**** DATASET RECORDS

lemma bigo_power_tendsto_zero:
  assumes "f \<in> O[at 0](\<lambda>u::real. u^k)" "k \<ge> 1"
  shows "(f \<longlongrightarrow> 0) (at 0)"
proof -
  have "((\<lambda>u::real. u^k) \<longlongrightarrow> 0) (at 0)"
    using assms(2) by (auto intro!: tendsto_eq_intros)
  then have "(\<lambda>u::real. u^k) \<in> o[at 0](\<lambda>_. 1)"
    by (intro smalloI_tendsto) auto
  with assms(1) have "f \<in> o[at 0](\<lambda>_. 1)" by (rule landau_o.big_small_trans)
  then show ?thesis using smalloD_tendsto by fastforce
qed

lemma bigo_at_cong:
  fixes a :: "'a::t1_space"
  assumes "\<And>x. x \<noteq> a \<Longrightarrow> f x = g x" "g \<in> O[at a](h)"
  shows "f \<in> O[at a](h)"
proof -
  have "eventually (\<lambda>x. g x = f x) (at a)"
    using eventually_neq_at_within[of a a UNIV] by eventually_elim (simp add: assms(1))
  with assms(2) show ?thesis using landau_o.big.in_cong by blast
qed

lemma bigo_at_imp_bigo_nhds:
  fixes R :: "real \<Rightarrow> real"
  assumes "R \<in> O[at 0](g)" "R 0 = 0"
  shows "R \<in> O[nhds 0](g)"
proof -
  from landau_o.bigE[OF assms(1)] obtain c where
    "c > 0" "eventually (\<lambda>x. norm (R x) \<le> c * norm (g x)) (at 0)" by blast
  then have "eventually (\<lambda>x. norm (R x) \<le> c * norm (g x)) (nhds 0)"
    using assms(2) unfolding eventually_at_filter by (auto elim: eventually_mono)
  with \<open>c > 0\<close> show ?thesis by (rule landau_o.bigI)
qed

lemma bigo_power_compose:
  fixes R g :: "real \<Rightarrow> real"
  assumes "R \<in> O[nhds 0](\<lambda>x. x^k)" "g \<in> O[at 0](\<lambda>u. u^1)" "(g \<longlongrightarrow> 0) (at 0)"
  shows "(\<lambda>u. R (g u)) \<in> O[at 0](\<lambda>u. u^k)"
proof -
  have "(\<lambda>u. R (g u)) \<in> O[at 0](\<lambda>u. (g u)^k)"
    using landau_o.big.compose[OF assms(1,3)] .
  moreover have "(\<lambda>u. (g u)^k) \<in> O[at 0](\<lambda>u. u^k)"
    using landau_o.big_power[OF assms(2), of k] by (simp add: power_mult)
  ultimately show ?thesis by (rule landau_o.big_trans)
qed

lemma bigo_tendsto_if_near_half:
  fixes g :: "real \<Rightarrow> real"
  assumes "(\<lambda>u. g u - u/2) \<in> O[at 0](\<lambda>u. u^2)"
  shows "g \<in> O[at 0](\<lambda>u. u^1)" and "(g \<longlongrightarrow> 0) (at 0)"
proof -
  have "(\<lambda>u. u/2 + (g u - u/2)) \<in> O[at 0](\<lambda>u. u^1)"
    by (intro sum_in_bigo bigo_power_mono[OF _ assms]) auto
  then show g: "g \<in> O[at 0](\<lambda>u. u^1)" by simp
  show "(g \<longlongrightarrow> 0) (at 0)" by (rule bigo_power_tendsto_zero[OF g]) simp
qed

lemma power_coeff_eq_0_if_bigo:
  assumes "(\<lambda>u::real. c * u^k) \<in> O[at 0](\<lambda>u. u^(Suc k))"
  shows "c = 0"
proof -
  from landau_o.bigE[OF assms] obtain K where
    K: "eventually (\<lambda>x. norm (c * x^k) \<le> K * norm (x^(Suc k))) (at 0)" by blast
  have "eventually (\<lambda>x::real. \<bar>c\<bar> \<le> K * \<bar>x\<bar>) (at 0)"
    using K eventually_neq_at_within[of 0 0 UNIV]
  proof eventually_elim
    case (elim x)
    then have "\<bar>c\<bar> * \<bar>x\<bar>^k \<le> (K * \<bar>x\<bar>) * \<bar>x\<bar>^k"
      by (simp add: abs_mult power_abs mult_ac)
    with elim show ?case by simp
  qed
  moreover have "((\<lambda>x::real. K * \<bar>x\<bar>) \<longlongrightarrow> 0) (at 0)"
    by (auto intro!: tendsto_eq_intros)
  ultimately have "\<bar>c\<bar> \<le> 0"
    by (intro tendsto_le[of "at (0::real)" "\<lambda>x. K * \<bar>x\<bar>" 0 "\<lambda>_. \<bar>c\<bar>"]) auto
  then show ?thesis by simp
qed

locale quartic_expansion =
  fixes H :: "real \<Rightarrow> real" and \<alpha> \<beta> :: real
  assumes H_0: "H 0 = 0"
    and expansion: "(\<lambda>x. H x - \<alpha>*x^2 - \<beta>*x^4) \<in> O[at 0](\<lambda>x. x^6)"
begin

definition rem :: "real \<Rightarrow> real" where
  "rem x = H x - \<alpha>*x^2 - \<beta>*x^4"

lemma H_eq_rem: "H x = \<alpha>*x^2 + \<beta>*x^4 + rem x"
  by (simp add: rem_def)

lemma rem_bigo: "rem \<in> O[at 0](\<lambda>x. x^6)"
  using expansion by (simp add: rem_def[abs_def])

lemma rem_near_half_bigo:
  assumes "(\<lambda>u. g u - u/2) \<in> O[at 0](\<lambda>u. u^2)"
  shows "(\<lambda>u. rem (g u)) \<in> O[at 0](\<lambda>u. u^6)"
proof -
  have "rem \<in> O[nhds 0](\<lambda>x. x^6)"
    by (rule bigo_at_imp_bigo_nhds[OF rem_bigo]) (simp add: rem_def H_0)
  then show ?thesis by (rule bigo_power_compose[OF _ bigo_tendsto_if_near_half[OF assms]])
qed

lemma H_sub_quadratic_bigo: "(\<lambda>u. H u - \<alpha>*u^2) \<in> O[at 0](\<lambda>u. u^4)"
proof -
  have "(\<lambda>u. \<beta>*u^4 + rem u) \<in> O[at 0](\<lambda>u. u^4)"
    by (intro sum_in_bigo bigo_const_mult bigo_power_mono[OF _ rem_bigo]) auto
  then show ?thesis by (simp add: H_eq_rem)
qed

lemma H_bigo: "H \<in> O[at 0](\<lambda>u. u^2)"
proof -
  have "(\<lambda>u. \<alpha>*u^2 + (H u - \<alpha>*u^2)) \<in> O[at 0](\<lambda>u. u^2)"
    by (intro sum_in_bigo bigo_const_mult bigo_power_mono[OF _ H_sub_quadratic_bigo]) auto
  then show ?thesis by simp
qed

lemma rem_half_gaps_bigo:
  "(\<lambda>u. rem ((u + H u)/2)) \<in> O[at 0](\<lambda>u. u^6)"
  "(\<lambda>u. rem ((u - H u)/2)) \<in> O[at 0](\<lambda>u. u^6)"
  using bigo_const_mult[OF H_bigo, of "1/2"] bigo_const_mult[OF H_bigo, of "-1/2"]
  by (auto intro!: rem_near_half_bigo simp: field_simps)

********

_WHAT NEEDS TO BE DONE_: Write all of the records out exactly, including every line.

_SOLUTION TO THE EXERCISE_:
lemma bigo_power_tendsto_zero:
  assumes "f \<in> O[at 0](\<lambda>u::real. u^k)" "k \<ge> 1"
  shows "(f \<longlongrightarrow> 0) (at 0)"
proof -
  have "((\<lambda>u::real. u^k) \<longlongrightarrow> 0) (at 0)"
    using assms(2) by (auto intro!: tendsto_eq_intros)
  then have "(\<lambda>u::real. u^k) \<in> o[at 0](\<lambda>_. 1)"
    by (intro smalloI_tendsto) auto
  with assms(1) have "f \<in> o[at 0](\<lambda>_. 1)" by (rule landau_o.big_small_trans)
  then show ?thesis using smalloD_tendsto by fastforce
qed

lemma bigo_at_cong:
  fixes a :: "'a::t1_space"
  assumes "\<And>x. x \<noteq> a \<Longrightarrow> f x = g x" "g \<in> O[at a](h)"
  shows "f \<in> O[at a](h)"
proof -
  have "eventually (\<lambda>x. g x = f x) (at a)"
    using eventually_neq_at_within[of a a UNIV] by eventually_elim (simp add: assms(1))
  with assms(2) show ?thesis using landau_o.big.in_cong by blast
qed

lemma bigo_at_imp_bigo_nhds:
  fixes R :: "real \<Rightarrow> real"
  assumes "R \<in> O[at 0](g)" "R 0 = 0"
  shows "R \<in> O[nhds 0](g)"
proof -
  from landau_o.bigE[OF assms(1)] obtain c where
    "c > 0" "eventually (\<lambda>x. norm (R x) \<le> c * norm (g x)) (at 0)" by blast
  then have "eventually (\<lambda>x. norm (R x) \<le> c * norm (g x)) (nhds 0)"
    using assms(2) unfolding eventually_at_filter by (auto elim: eventually_mono)
  with \<open>c > 0\<close> show ?thesis by (rule landau_o.bigI)
qed

lemma bigo_power_compose:
  fixes R g :: "real \<Rightarrow> real"
  assumes "R \<in> O[nhds 0](\<lambda>x. x^k)" "g \<in> O[at 0](\<lambda>u. u^1)" "(g \<longlongrightarrow> 0) (at 0)"
  shows "(\<lambda>u. R (g u)) \<in> O[at 0](\<lambda>u. u^k)"
proof -
  have "(\<lambda>u. R (g u)) \<in> O[at 0](\<lambda>u. (g u)^k)"
    using landau_o.big.compose[OF assms(1,3)] .
  moreover have "(\<lambda>u. (g u)^k) \<in> O[at 0](\<lambda>u. u^k)"
    using landau_o.big_power[OF assms(2), of k] by (simp add: power_mult)
  ultimately show ?thesis by (rule landau_o.big_trans)
qed

lemma bigo_tendsto_if_near_half:
  fixes g :: "real \<Rightarrow> real"
  assumes "(\<lambda>u. g u - u/2) \<in> O[at 0](\<lambda>u. u^2)"
  shows "g \<in> O[at 0](\<lambda>u. u^1)" and "(g \<longlongrightarrow> 0) (at 0)"
proof -
  have "(\<lambda>u. u/2 + (g u - u/2)) \<in> O[at 0](\<lambda>u. u^1)"
    by (intro sum_in_bigo bigo_power_mono[OF _ assms]) auto
  then show g: "g \<in> O[at 0](\<lambda>u. u^1)" by simp
  show "(g \<longlongrightarrow> 0) (at 0)" by (rule bigo_power_tendsto_zero[OF g]) simp
qed

lemma power_coeff_eq_0_if_bigo:
  assumes "(\<lambda>u::real. c * u^k) \<in> O[at 0](\<lambda>u. u^(Suc k))"
  shows "c = 0"
proof -
  from landau_o.bigE[OF assms] obtain K where
    K: "eventually (\<lambda>x. norm (c * x^k) \<le> K * norm (x^(Suc k))) (at 0)" by blast
  have "eventually (\<lambda>x::real. \<bar>c\<bar> \<le> K * \<bar>x\<bar>) (at 0)"
    using K eventually_neq_at_within[of 0 0 UNIV]
  proof eventually_elim
    case (elim x)
    then have "\<bar>c\<bar> * \<bar>x\<bar>^k \<le> (K * \<bar>x\<bar>) * \<bar>x\<bar>^k"
      by (simp add: abs_mult power_abs mult_ac)
    with elim show ?case by simp
  qed
  moreover have "((\<lambda>x::real. K * \<bar>x\<bar>) \<longlongrightarrow> 0) (at 0)"
    by (auto intro!: tendsto_eq_intros)
  ultimately have "\<bar>c\<bar> \<le> 0"
    by (intro tendsto_le[of "at (0::real)" "\<lambda>x. K * \<bar>x\<bar>" 0 "\<lambda>_. \<bar>c\<bar>"]) auto
  then show ?thesis by simp
qed

locale quartic_expansion =
  fixes H :: "real \<Rightarrow> real" and \<alpha> \<beta> :: real
  assumes H_0: "H 0 = 0"
    and expansion: "(\<lambda>x. H x - \<alpha>*x^2 - \<beta>*x^4) \<in> O[at 0](\<lambda>x. x^6)"
begin

definition rem :: "real \<Rightarrow> real" where
  "rem x = H x - \<alpha>*x^2 - \<beta>*x^4"

lemma H_eq_rem: "H x = \<alpha>*x^2 + \<beta>*x^4 + rem x"
  by (simp add: rem_def)

lemma rem_bigo: "rem \<in> O[at 0](\<lambda>x. x^6)"
  using expansion by (simp add: rem_def[abs_def])

lemma rem_near_half_bigo:
  assumes "(\<lambda>u. g u - u/2) \<in> O[at 0](\<lambda>u. u^2)"
  shows "(\<lambda>u. rem (g u)) \<in> O[at 0](\<lambda>u. u^6)"
proof -
  have "rem \<in> O[nhds 0](\<lambda>x. x^6)"
    by (rule bigo_at_imp_bigo_nhds[OF rem_bigo]) (simp add: rem_def H_0)
  then show ?thesis by (rule bigo_power_compose[OF _ bigo_tendsto_if_near_half[OF assms]])
qed

lemma H_sub_quadratic_bigo: "(\<lambda>u. H u - \<alpha>*u^2) \<in> O[at 0](\<lambda>u. u^4)"
proof -
  have "(\<lambda>u. \<beta>*u^4 + rem u) \<in> O[at 0](\<lambda>u. u^4)"
    by (intro sum_in_bigo bigo_const_mult bigo_power_mono[OF _ rem_bigo]) auto
  then show ?thesis by (simp add: H_eq_rem)
qed

lemma H_bigo: "H \<in> O[at 0](\<lambda>u. u^2)"
proof -
  have "(\<lambda>u. \<alpha>*u^2 + (H u - \<alpha>*u^2)) \<in> O[at 0](\<lambda>u. u^2)"
    by (intro sum_in_bigo bigo_const_mult bigo_power_mono[OF _ H_sub_quadratic_bigo]) auto
  then show ?thesis by simp
qed

lemma rem_half_gaps_bigo:
  "(\<lambda>u. rem ((u + H u)/2)) \<in> O[at 0](\<lambda>u. u^6)"
  "(\<lambda>u. rem ((u - H u)/2)) \<in> O[at 0](\<lambda>u. u^6)"
  using bigo_const_mult[OF H_bigo, of "1/2"] bigo_const_mult[OF H_bigo, of "-1/2"]
  by (auto intro!: rem_near_half_bigo simp: field_simps)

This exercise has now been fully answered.